The dynamics of catechol in zeolite Beta was studied using quesielastic neutron scattering (QENS) experiments and molecular dynamics simulations at 393 K, to understand the behaviour of phenolic monomers relevant in the catalytic conversion of lignin via metal nanoparticles supported on zeolites. Compared to previous work studying phenol, both methods observe that the presence of the second OH group in catechol can hinder mobility significantly, as explained by stronger hydrogen-bonding interactions between catechol and the Brønsted sites of the zeolite. The instrumental timescale of the QENS experiment allows us to probe rotational motion, and the catechol motions are best fit to an isotropic rotation model with a \(D^{rot}\) of 2.9 × 10\(^{10}\) s\(^{-1}\). While this \(D^{rot}\) is within error of that measured for phenol, the fraction of molecules immobile on the instrumental timescale is found to be significantly higher for catechol. The MD simulations also exhibit this increased in ‘immobility’, showing that the long-range translational diffusion coefficients of catechol are lower than phenol by a factor of 7 in acidic zeolite Beta, and a factor of \(\sim\)3 in the siliceous material, further illustrating the significance of Brønsted site H-bonding. Upon reproducing QENS observables from our simulations to probe rotational motions, a combination of two isotropic rotations was found to fit the MD-calculated EISF; one corresponds to the free rotation of catechol in the pore system of the zeolite, while the second rotation is used to approximate a restricted and rapid “rattling”, consistent with molecules anchored to the acid sites through their OH groups, the motion of which is too rapid to be observed by experiment.

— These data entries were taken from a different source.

lemma (in alternating_form) pf_eq_pfaff: "pf g w = pfaff g w"
proof (cases "distinct w")
  case True
  then show ?thesis
    by (cases "w = []") (simp_all add: pf_def pfaff_odd matching_sum_eq_pfaff)
next
  case False
  then have "w \<noteq> []"
    by auto
  with False show ?thesis
    by (simp add: pf_def pfaff_not_distinct)
qed

theorem mainTheorem3:
  fixes f :: "'a \<Rightarrow> 'a \<Rightarrow> 'r::comm_ring_1"
    and \<alpha> \<beta> :: "'a list" and n :: nat
  assumes antisym: "\<And>x y. f x y = - f y x"
    and diag: "\<And>x. f x x = 0"
    and dist: "distinct (\<alpha> @ \<beta>)"
    and ev: "even (length \<alpha>)"
    and len: "length \<beta> = 2 * n"
    and n1: "n \<ge> 1"
  shows "pf f \<alpha> ^ (n - 1) * pf f (\<alpha> @ \<beta>) = matching_sum (\<lambda>x y. pf f (\<alpha> @ [x, y])) \<beta>"
proof -
  interpret alternating_form f
    by unfold_locales (fact antisym diag)+
  interpret minors: skew_form "\<lambda>x y. pfaff f (\<alpha> @ [x, y])"
    by unfold_locales (rule pfaff_swap)
  have "pf f = pfaff f"
    by (rule ext) (rule pf_eq_pfaff)
  moreover have "matching_sum (\<lambda>x y. pfaff f (\<alpha> @ [x, y])) \<beta> = pfaff (\<lambda>x y. pfaff f (\<alpha> @ [x, y])) \<beta>"
    using dist by (intro minors.matching_sum_eq_pfaff) simp
  ultimately show ?thesis
    using pfaff_power_mul_pfaff_append[OF dist ev len n1] by simp
qed

end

使用quesielastic中子散射（QENS）实验和393 K的分子动力学模拟研究了Beta中邻苯二酚的动力学，以了解酚类单体与木质素通过负载在沸石上的金属纳米粒子催化转化有关的行为。与先前研究苯酚的工作相比，两种方法均观察到邻苯二酚中存在第二个OH基团可显着阻碍流动性，这可由邻苯二酚和沸石的Brønsted位点之间更强的氢键相互作用来解释。QENS实验的仪器时间尺度使我们能够探测旋转运动，而邻苯二酚运动最适合2.9×10 \（^ {10} \） s \（D ^ {rot} \）的各向同性旋转模型\（^ {-1} \）。尽管该（D ^ {rot} \）在苯酚测量值的误差范围内，但发现仪器时间尺度上固定的分子分数对于邻苯二酚而言明显更高。MD模拟也显示出这种增加的“固定性”，表明儿茶酚的远程平移扩散系数在酸性沸石Beta中比苯酚低7倍，而\（\ sim \）硅质材料中的图3进一步说明了布朗斯台德位点H键的重要性。从我们的模拟中复制QENS观测值以探测旋转运动后，发现两个各向同性旋转的组合适合MD计算的EISF。第一个旋转对应于邻苯二酚在沸石孔隙系统中的自由旋转，而第二个旋转用于近似受限和快速的“咔嗒作响”，这与通过其OH基团锚定在酸性位点上的分子保持一致太快而无法通过实验观察到。